下面是抓取的链接:https://stockanalysis.com/stocks/
我正在尝试获取表的所有行(6000+行),但我只得到前500个结果。我想这与要显示多少行的条件有关。
我几乎尽我所能。我也是网络抓取的初学者。
我的代码:
# Importing libraries
import numpy as np # numerical computing library
import pandas as pd # panel data library
import requests # http requests library
from bs4 import BeautifulSoup
url = 'https://stockanalysis.com/stocks/'
headers = {'User-Agent': ' user agent: Mozilla/5.0 (Macintosh; Intel Mac OS X 10_15_7) AppleWebKit/537.36 (KHTML, like Gecko) Chrome/96.0.4664.55 Safari/537.36'}
r = requests.get(url, headers)
soup = BeautifulSoup(r.text, 'html')
league_table = soup.find('table', class_ = 'symbol-table index')
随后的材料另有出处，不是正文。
lemma total_recursive_compose:
  assumes h: "total_recursive (length gs) h" and gs: "\<forall>g\<in>set gs. total_recursive k g"
  shows "total_recursive k (\<lambda>xs. h (map (\<lambda>g. g xs) gs))"
proof -
  obtain fh where fh: "\<forall>ys. length ys = length gs \<longrightarrow> eval fh ys (h ys)"
    using h unfolding total_recursive_def by blast
  have "\<forall>g\<in>set gs. \<exists>f. \<forall>xs. length xs = k \<longrightarrow> eval f xs (g xs)"
    using gs unfolding total_recursive_def by blast
  then obtain F where F: "\<forall>g\<in>set gs. \<forall>xs. length xs = k \<longrightarrow> eval (F g) xs (g xs)" by metis
  show ?thesis unfolding total_recursive_def
  proof (intro exI[of _ "Cn fh (map F gs)"] allI impI)
    fix xs :: "nat list" assume "length xs = k"
    then show "eval (Cn fh (map F gs)) xs (h (map (\<lambda>g. g xs) gs))"
      by (intro eval_Cn[of "map (\<lambda>g. g xs) gs"]) (use F fh in auto)
  qed
qed

lemma total_recursive_compose1:
  "total_recursive 1 h \<Longrightarrow> total_recursive k g \<Longrightarrow> total_recursive k (\<lambda>xs. h [g xs])"
  using total_recursive_compose[of "[g]" h k] by simp
definition exit_paths :: "'a set \<Rightarrow> ('a \<Rightarrow> 'a \<Rightarrow> bool) \<Rightarrow> 'a set \<Rightarrow> 'a \<Rightarrow> 'a \<Rightarrow> 'a list set" where
  "exit_paths V E S u y = {xs. gpath V E xs \<and> 2 \<le> length xs \<and> hd xs = u \<and> xs ! 1 = y
     \<and> last xs \<in> S \<and> set (butlast (tl xs)) \<inter> S = {}}"

text \<open>A path with d edges contributes (1/2)^(d-1), as in the exponential weight.\<close>

definition path_weight :: "'a list \<Rightarrow> real" where
  "path_weight xs = (1/2) ^ (length xs - 2)"

definition exit_flow :: "'a set \<Rightarrow> ('a \<Rightarrow> 'a \<Rightarrow> bool) \<Rightarrow> 'a set \<Rightarrow> 'a \<Rightarrow> 'a \<Rightarrow> real" where
  "exit_flow V E S u y = (\<Sum>xs\<in>exit_paths V E S u y. path_weight xs)"

definition outflow :: "'a set \<Rightarrow> ('a \<Rightarrow> 'a \<Rightarrow> bool) \<Rightarrow> 'a set \<Rightarrow> 'a \<Rightarrow> real" where
  "outflow V E S y = (\<Sum>z\<in>neighbours V E y. exit_flow V E S y z)"

definition inflow :: "'a set \<Rightarrow> ('a \<Rightarrow> 'a \<Rightarrow> bool) \<Rightarrow> 'a set \<Rightarrow> 'a \<Rightarrow> real" where
  "inflow V E S y = (\<Sum>u\<in>neighbours V E y. exit_flow V E S u y)"

lemma finite_exit_paths: "finite V \<Longrightarrow> finite (exit_paths V E S u y)"
  by (rule finite_subset[OF _ finite_gpaths[of V E]]) (auto simp: exit_paths_def)

lemma path_weight_nonneg: "path_weight xs \<ge> 0"
  by (simp add: path_weight_def)

lemma exit_flow_nonneg: "exit_flow V E S u y \<ge> 0"
  unfolding exit_flow_def by (intro sum_nonneg path_weight_nonneg)

lemma outflow_nonneg: "outflow V E S y \<ge> 0"
  unfolding outflow_def by (intro sum_nonneg exit_flow_nonneg)

lemma exit_paths_Cons_Cons:
  assumes "xs \<in> exit_paths V E S u y"
  obtains ys where "xs = u # y # ys"
proof -
  from assms have "2 \<le> length xs" "hd xs = u" "xs ! 1 = y" by (auto simp: exit_paths_def)
  then show ?thesis
    by (cases xs rule: remdups_adj.cases) (auto intro: that)
qed

lemma sum_exit_flow:
  assumes "finite V" and "finite Z"
  shows "(\<Sum>z\<in>Z. exit_flow V E S u z) = (\<Sum>xs\<in>(\<Union>z\<in>Z. exit_paths V E S u z). path_weight xs)"
  unfolding exit_flow_def
  by (rule sum.UNION_disjoint[symmetric]) (use assms finite_exit_paths in \<open>auto simp: exit_paths_def\<close>)

lemma exit_flow_le_1:
  assumes "y \<in> S"
  shows "exit_flow V E S u y \<le> 1"
proof -
  have "exit_paths V E S u y \<subseteq> {[u, y]}"
  proof
    fix xs assume xs: "xs \<in> exit_paths V E S u y"
    then obtain ys where xs_eq: "xs = u # y # ys" by (rule exit_paths_Cons_Cons)
    have "ys = []"
    proof (rule ccontr)
      assume "ys \<noteq> []"
      then have "y \<in> set (butlast (tl xs))" using xs_eq by simp
      with xs assms show False by (auto simp: exit_paths_def)
    qed
    with xs_eq show "xs \<in> {[u, y]}" by simp
  qed
  then have "exit_flow V E S u y \<le> (\<Sum>xs\<in>{[u, y]}. path_weight xs)"
    unfolding exit_flow_def by (intro sum_mono2) (auto simp: path_weight_nonneg)
  also have "\<dots> = 1" by (simp add: path_weight_def)
  finally show ?thesis .
qed

lemma tl_exit_path:
  assumes xs: "xs \<in> exit_paths V E S u y" and "y \<notin> S"
  shows "tl xs \<in> (\<Union>z\<in>neighbours V E y - {u}. exit_paths V E S y z)"
    and "path_weight xs = (1/2) * path_weight (tl xs)"
proof -
  obtain ys where xs_eq: "xs = u # y # ys" using xs by (rule exit_paths_Cons_Cons)
  have gp: "gpath V E xs" and last_S: "last xs \<in> S" and avoid: "set (butlast (tl xs)) \<inter> S = {}"
    using xs by (auto simp: exit_paths_def)
  obtain z zs where ys_eq: "ys = z # zs"
    using last_S \<open>y \<notin> S\<close> xs_eq by (cases ys) auto
  have "gpath V E (y # z # zs)" "last (y # z # zs) \<in> S" "set (butlast (z # zs)) \<inter> S = {}"
    using gp last_S avoid unfolding xs_eq ys_eq gpath_def by (auto split: if_splits)
  then have "tl xs \<in> exit_paths V E S y z"
    unfolding xs_eq ys_eq exit_paths_def by simp
  moreover have "z \<in> neighbours V E y - {u}"
    using gp unfolding xs_eq ys_eq gpath_def neighbours_def by auto
  ultimately show "tl xs \<in> (\<Union>z\<in>neighbours V E y - {u}. exit_paths V E S y z)" by blast
  show "path_weight xs = (1/2) * path_weight (tl xs)"
    unfolding xs_eq ys_eq path_weight_def by simp
qed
col_df = ['Symbol', 'Company_name', 'Industry', 'Market_Cap']
for team in league_table.find_all('tbody'):
# i = 1
rows = team.find_all('tr')
df = pd.DataFrame(np.zeros([len(rows), len(col_df)]))
df.columns = col_df
for i, row in enumerate(rows):
s_symbol = row.find_all('td')[0].text
s_company_name = row.find_all('td')[1].text
s_industry = row.find_all('td')[2].text
s_market_cap = row.find_all('td')[3].text
df.iloc[i] = [s_symbol, s_company_name, s_industry, s_market_cap]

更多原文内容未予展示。